To see a photo of Jermaine when Jermaine was still.. a blister.. please click here.

Please do not click there. It's gross. The later iterations, however, are so gross I did not even take photos.

 

EDIT: In retrospect, I think the surface area occupied by the current burn is smaller than Jermaine was. Which is a sort of comfort. Kinda.

Tuesday, February 16, 2010

“AAAAAGH!” counts as one line

The 2nd years ( = 8th graders) are still at it, and my wonderful JTE Mikan-sensei has not yet given up on having them write and perform skits in English.

My hopes were originally too high and too specific, but I am now willing to settle for understandable English, and every person in the group has to speak at least two lines.

I’m even so generous as to accept “MUAHAHAHAHA” and screams of pain as lines. That’s understandable to a native speaker of English, so…

A lot of my groups are very innovative. They are taking classically recognizable Japanese things and twisting them to their own ends. I’m going to describe my favorite.

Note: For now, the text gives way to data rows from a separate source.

(* Let $\Omega$ be a program with weight constraints, $Z$ a consistent set of literals, and $\Pi_1$ the program consisting of the rules $l\leftarrow\mathit{not}\,\mathit{not}\,l,[C_1],\dots,[C_n]$ for every rule $C_0\leftarrow C_1,\dots,C_n$ of $\Omega$ and every positive head element $l$ of that rule. If $\mathit{cl}(\Omega^Z)$ is consistent then it is the only answer set of the program $\Pi_1^Z$; otherwise $\Pi_1^Z$ has no answer sets.
   Context: A literal is an atom $a$ or $\neg a$; a set of literals is consistent if it contains no pair $a,\neg a$. Formulas are built from literals, $\bot$, $\top$ using $\mathit{not}$, "," (conjunction), ";" (disjunction). For a set $Z$ of literals: $Z\models l$ iff $l\in Z$; $Z\models\top$; $Z\not\models\bot$; $Z\models(F,G)$ iff both; $Z\models(F;G)$ iff at least one; $Z\models\mathit{not}\,F$ iff $Z\not\models F$; $Z$ satisfies a set of rules $\mathit{Head}\leftarrow\mathit{Body}$ if $Z\models\mathit{Body}$ implies $Z\models\mathit{Head}$ for each. Reduct: $F^Z=F$ for $F$ a literal, $\bot$, $\top$; $(F,G)^Z=F^Z,G^Z$; $(F;G)^Z=F^Z;G^Z$; $(\mathit{not}\,F)^Z=\bot$ if $Z\models F$, else $\top$; $\Pi^Z$ applies this to heads and bodies. A consistent set is an answer set of a $\mathit{not}$-free program if it is a minimal consistent set of literals satisfying it. $\langle F_1,\dots,F_n\rangle:X$ is the disjunction over $I\in X$ of the conjunctions of $F_i$, $i\in I$ (empty conjunction $\top$, empty disjunction $\bot$). A rule element is a literal $l$ (positive) or $\mathit{not}\,l$ (negative). A weight constraint is $L\le\{c_1=w_1,\dots,c_m=w_m\}\le U$ ($L,U$ reals or $\pm\infty$, $w_i\ge0$); $Z$ satisfies it if $L\le\sum_{j:Z\models c_j}w_j\le U$. A program with weight constraints is a set of rules $C_0\leftarrow C_1,\dots,C_n$; the rule elements of $C_0$ are the head elements. $(L\le S)^Z=L^Z\le S'$, where $S'$ drops the pairs with negative elements and $L^Z$ is $L$ minus the sum of weights of pairs $c=w$ with $c$ negative and $Z\models c$. The reduct of $L_0\le S_0\le U_0\leftarrow L_1\le S_1\le U_1,\dots,L_n\le S_n\le U_n$ is, if $Z$ satisfies $S_i\le U_i$ for all $1\le i\le n$, the set of rules $l\leftarrow(L_1\le S_1)^Z,\dots,(L_n\le S_n)^Z$ for all positive head elements $l$ with $l\in Z$; otherwise empty. $\Omega^Z$ is the union of the reducts of its rules; a set of literals satisfies $\Omega^Z$ if for each rule whose body constraints it satisfies it contains the head literal. $\mathit{cl}(\Omega^Z)$ (the deductive closure) is the unique minimal set of literals satisfying $\Omega^Z$. Translation: $[w\le S]=\langle c_1,\dots,c_m\rangle:\{I: w\le\sum_{i\in I}w_i\}$, $[w<S]=\langle c_1,\dots,c_m\rangle:\{I: w<\sum_{i\in I}w_i\}$, $[S\le U]=\mathit{not}\,[U<S]$, $[L\le S\le U]=[L\le S],[S\le U]$. *)

theory Defs
  imports Complex_Main "HOL-Library.Extended_Real"
begin
lemma qnorm2_add_scaleR: "qnorm2 (x + t *\<^sub>R u) = qnorm2 x + 2 * t * quat.Re (qcnj u * x) + t\<^sup>2 * qnorm2 u"
  by (simp add: qnorm2_def algebra_simps power2_eq_square)

lemma Re_qcnj_mult_add: "quat.Re (qcnj g * (g + of_real r * x)) = qnorm2 g + r * quat.Re (qcnj g * x)"
  by (simp add: qnorm2_def algebra_simps power2_eq_square)

text \<open>Moving a maximiser of \<open>Re x\<^sup>*Ax - l \<parallel>x\<parallel>\<^sup>2\<close> in the direction \<open>g = (A + A\<^sup>* - 2l) x\<close>
  changes it by \<open>t \<parallel>g\<parallel>\<^sup>2 + O(t\<^sup>2)\<close>, so \<open>g = 0\<close>.\<close>

lemma sut_form_max_eigen:
  assumes N: "qnorm2 x + qnorm2 y + qnorm2 z = 1" and V: "sut_form a b c x y z = of_real l"
    and B: "\<And>x' y' z'. quat.Re (sut_form a b c x' y' z') \<le> l * (qnorm2 x' + qnorm2 y' + qnorm2 z')"
  shows "a * y + b * z = of_real (2 * l) * x" "qcnj a * x + c * z = of_real (2 * l) * y"
    "qcnj b * x + qcnj c * y = of_real (2 * l) * z"
proof -
  define g1 where "g1 = a * y + b * z - of_real (2 * l) * x"
  define g2 where "g2 = qcnj a * x + c * z - of_real (2 * l) * y"
  define g3 where "g3 = qcnj b * x + qcnj c * y - of_real (2 * l) * z"
  define S where "S = qnorm2 g1 + qnorm2 g2 + qnorm2 g3"
  define T where "T = quat.Re (qcnj g1 * x) + quat.Re (qcnj g2 * y) + quat.Re (qcnj g3 * z)"
  define R where "R = quat.Re (sut_form a b c g1 g2 g3) - l * S"
  have "t * S + t\<^sup>2 * R \<le> 0" for t
  proof -
    have g: "a * y + b * z = g1 + of_real (2 * l) * x" "qcnj a * x + c * z = g2 + of_real (2 * l) * y"
      "qcnj b * x + qcnj c * y = g3 + of_real (2 * l) * z"
      by (simp_all add: g1_def g2_def g3_def)
    have "quat.Re (sut_form a b c (x + t *\<^sub>R g1) (y + t *\<^sub>R g2) (z + t *\<^sub>R g3))
        = l + t * (S + 2 * l * T) + t\<^sup>2 * quat.Re (sut_form a b c g1 g2 g3)"
      unfolding Re_sut_form_add_scaleR g Re_qcnj_mult_add V by (simp add: S_def T_def algebra_simps)
    moreover have "qnorm2 (x + t *\<^sub>R g1) + qnorm2 (y + t *\<^sub>R g2) + qnorm2 (z + t *\<^sub>R g3) = 1 + 2 * t * T + t\<^sup>2 * S"
      unfolding qnorm2_add_scaleR using N by (simp add: S_def T_def algebra_simps)
    ultimately show ?thesis
      using B[of "x + t *\<^sub>R g1" "y + t *\<^sub>R g2" "z + t *\<^sub>R g3"] by (simp add: R_def algebra_simps)
  qed
  then have "S = 0"
    by (rule quadratic_nonpos_imp_linear_coeff_eq_0)
  then have "qnorm2 g1 = 0 \<and> qnorm2 g2 = 0 \<and> qnorm2 g3 = 0"
    using qnorm2_nonneg[of g1] qnorm2_nonneg[of g2] qnorm2_nonneg[of g3] unfolding S_def by linarith
  then show "a * y + b * z = of_real (2 * l) * x" "qcnj a * x + c * z = of_real (2 * l) * y"
    "qcnj b * x + qcnj c * y = of_real (2 * l) * z"
    by (simp_all add: g1_def g2_def g3_def)
qed
(* Let $\Sigma\subset(\mathbb{M},g_L)$ be a regular surface and $\gamma:[a,b]\to\Sigma$ a Euclidean $C^2$-smooth regular curve passing through non-characteristic points. Then: (1) if $\omega(\dot\gamma(t))\neq0$, $$k^{\infty,\nabla^{1,\alpha}}_{\gamma,\Sigma}=\frac{\left|\bar p\frac{(2-\alpha)\dot\gamma_1}{2\gamma_1}+\bar q\left(\frac{(1-\alpha)\dot\gamma_2}{\gamma_1}+\frac{\alpha\dot\gamma_3}{2}\right)\right|}{|\omega(\dot\gamma(t))|};$$ (2) if $\omega(\dot\gamma(t))=0$ and $\frac{d}{dt}\omega(\dot\gamma(t))=0$, then $k^{\infty,\nabla^{1,\alpha}}_{\gamma,\Sigma}=0$; (3) if $\omega(\dot\gamma(t))=0$ and $\frac{d}{dt}\omega(\dot\gamma(t))\neq0$, then $$\lim_{L\to+\infty}\frac{k^{L,\nabla^{1,\alpha}}_{\gamma,\Sigma}}{\sqrt L}=\frac{\left|\frac{d}{dt}\omega(\dot\gamma(t))\right|}{\left(\bar q\frac{\dot\gamma_1}{\gamma_1}-\bar p\dot\gamma_3\right)^2}.$$
   Context: The affine group $\mathbb{M}$ is modeled on $\{(x_1,x_2,x_3)\in\mathbb{R}^3: x_1>0\}$ with product $(m,n,s)\star(\lambda,\mu,\nu)=(m\lambda,m\mu+n,\nu+s)$. Put $X_1=x_1\partial_{x_1}$, $X_2=x_1\partial_{x_2}+\partial_{x_3}$, $X_3=x_1\partial_{x_2}$, with dual coframe $\omega_1=\frac1{x_1}dx_1$, $\omega_2=dx_3$, $\omega=\frac1{x_1}dx_2-dx_3$. For a constant $L>0$, $g_L=\omega_1\otimes\omega_1+\omega_2\otimes\omega_2+L\,\omega\otimes\omega$, so $X_1,X_2,\widetilde X_3:=L^{-1/2}X_3$ is $g_L$-orthonormal; $\langle\cdot,\cdot\rangle_L$ and $\|\cdot\|_L$ denote $g_L$ and its norm, and $\nabla$ is the Levi-Civita connection of $g_L$. Let $H_1=\mathrm{span}\{X_1,X_2\}$, and let $P^1$, $P^{1,\perp}$ be the $g_L$-orthogonal projections onto $H_1$ and onto $H_1^\perp=\mathrm{span}\{X_3\}$. For a real constant $\alpha$, the first kind of deformed Schouten–Van Kampen connection is $\nabla^{1,\alpha}_XY=(1-\alpha)\nabla_XY+\alpha P^1\nabla_X(P^1Y)+\alpha P^{1,\perp}\nabla_X(P^{1,\perp}Y)$. For a curve $\gamma=(\gamma_1,\gamma_2,\gamma_3)$, $\omega(\dot\gamma(t))=\frac{\dot\gamma_2}{\gamma_1}-\dot\gamma_3$. A regular surface is a Euclidean $C^2$-smooth compact oriented surface $\Sigma=\{u=0\}$ with $u$ Euclidean $C^2$ and with nonvanishing Euclidean gradient. Set $\nabla_Hu=X_1(u)X_1+X_2(u)X_2$; a point of $\Sigma$ is characteristic if $\nabla_Hu=0$. Put $p=X_1u$, $q=X_2u$, $r=\widetilde X_3u$, $l=\sqrt{p^2+q^2}$, $l_L=\sqrt{p^2+q^2+r^2}$, $\bar p=p/l$, $\bar q=q/l$, $\bar p_L=p/l_L$, $\bar q_L=q/l_L$, $\bar r_L=r/l_L$. At non-characteristic points, $e_1=\bar qX_1-\bar pX_2$ and $e_2=\bar r_L\bar pX_1+\bar r_L\bar qX_2-\frac{l}{l_L}\widetilde X_3$ form a $g_L$-orthonormal frame of $T\Sigma$. For $U,V$ tangent to $\Sigma$, $\nabla^{\Sigma,1,\alpha}_UV$ is the $g_L$-orthogonal projection onto $T\Sigma$ of $\nabla^{1,\alpha}_UV$. The geodesic curvature is $k^{L,\nabla^{1,\alpha}}_{\gamma,\Sigma}=\sqrt{\frac{\|\nabla^{\Sigma,1,\alpha}_{\dot\gamma}\dot\gamma\|_L^2}{\|\dot\gamma\|_L^4}-\frac{\langle\nabla^{\Sigma,1,\alpha}_{\dot\gamma}\dot\gamma,\dot\gamma\rangle_L^2}{\|\dot\gamma\|_L^6}}$ and $k^{\infty,\nabla^{1,\alpha}}_{\gamma,\Sigma}:=\lim_{L\to+\infty}k^{L,\nabla^{1,\alpha}}_{\gamma,\Sigma}$ when it exists. *)

theory Defs
  imports "HOL-Analysis.Analysis"
begin

text \<open>Points of the affine group M are modelled as vectors x in real^3 (with x$1 > 0);
  tangent vectors are written in the coordinate basis d/dx1, d/dx2, d/dx3.\<close>

definition X1f :: "real^3 \<Rightarrow> real^3" where
  "X1f x = vector [x$1, 0, 0]"

definition X2f :: "real^3 \<Rightarrow> real^3" where
  "X2f x = vector [0, x$1, 1]"

definition X3f :: "real^3 \<Rightarrow> real^3" where
  "X3f x = vector [0, x$1, 0]"

definition X3t :: "real \<Rightarrow> real^3 \<Rightarrow> real^3" where
  "X3t L x = (1 / sqrt L) *\<^sub>R X3f x"

definition omega1 :: "real^3 \<Rightarrow> real^3 \<Rightarrow> real" where
  "omega1 x v = v$1 / x$1"

definition omega2 :: "real^3 \<Rightarrow> real^3 \<Rightarrow> real" where
  "omega2 x v = v$3"

definition omegaf :: "real^3 \<Rightarrow> real^3 \<Rightarrow> real" where
  "omegaf x v = v$2 / x$1 - v$3"

definition ginner :: "real \<Rightarrow> real^3 \<Rightarrow> real^3 \<Rightarrow> real^3 \<Rightarrow> real" where
  "ginner L x v w = omega1 x v * omega1 x w + omega2 x v * omega2 x w
                    + L * omegaf x v * omegaf x w"

definition gnorm :: "real \<Rightarrow> real^3 \<Rightarrow> real^3 \<Rightarrow> real" where
  "gnorm L x v = sqrt (ginner L x v v)"

definition gmat :: "real \<Rightarrow> real^3 \<Rightarrow> real^3^3" where
  "gmat L x = (\<chi> i j. ginner L x (axis i 1) (axis j 1))"

definition dg :: "real \<Rightarrow> real^3 \<Rightarrow> 3 \<Rightarrow> 3 \<Rightarrow> 3 \<Rightarrow> real" where
  "dg L x i j l = deriv (\<lambda>s. gmat L (x + s *\<^sub>R axis i 1) $ j $ l) 0"

definition christ :: "real \<Rightarrow> real^3 \<Rightarrow> 3 \<Rightarrow> 3 \<Rightarrow> 3 \<Rightarrow> real" where
  "christ L x k i j = (1/2) * (\<Sum>l\<in>UNIV. matrix_inv (gmat L x) $ k $ l
       * (dg L x i j l + dg L x j i l - dg L x l i j))"

definition covd :: "real \<Rightarrow> (real \<Rightarrow> real^3) \<Rightarrow> (real \<Rightarrow> real^3)
                    \<Rightarrow> (real \<Rightarrow> real^3) \<Rightarrow> real \<Rightarrow> real^3" where
  "covd L \<gamma> \<gamma>' V t = vector_derivative V (at t)
     + (\<chi> k. \<Sum>i\<in>UNIV. \<Sum>j\<in>UNIV. christ L (\<gamma> t) k i j * \<gamma>' t $ i * V t $ j)"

Of all the traditional Japanese tales, it seems that almost every class has a group doing Momotaro. He is understandably popular, as the story is strongly connected with out neighboring prefecture, Okayama.

So in one class, there was a group making their way through the early part of the Momotaro story. Their characters were “old woman,” “old man,” “peach,” and “Momotaro.” (What about the dog? I wondered, what about the bird? Or the demons?) But I figured they would just rotate parts as the story evolved.

But yesterday they proclaimed their story finished, and when I read over it, I could not help laughing at their ‘alternate ending’ to this old folk tale. The story starts the same way as most iterations of Momotaro. Old woman goes down to do the laundry, finds a peach, brings it home, and her husband is like, ‘let’s cut it up and eat it!’

The peach protests, but the old man is mostly deaf, and he hacks it in two with his big knife.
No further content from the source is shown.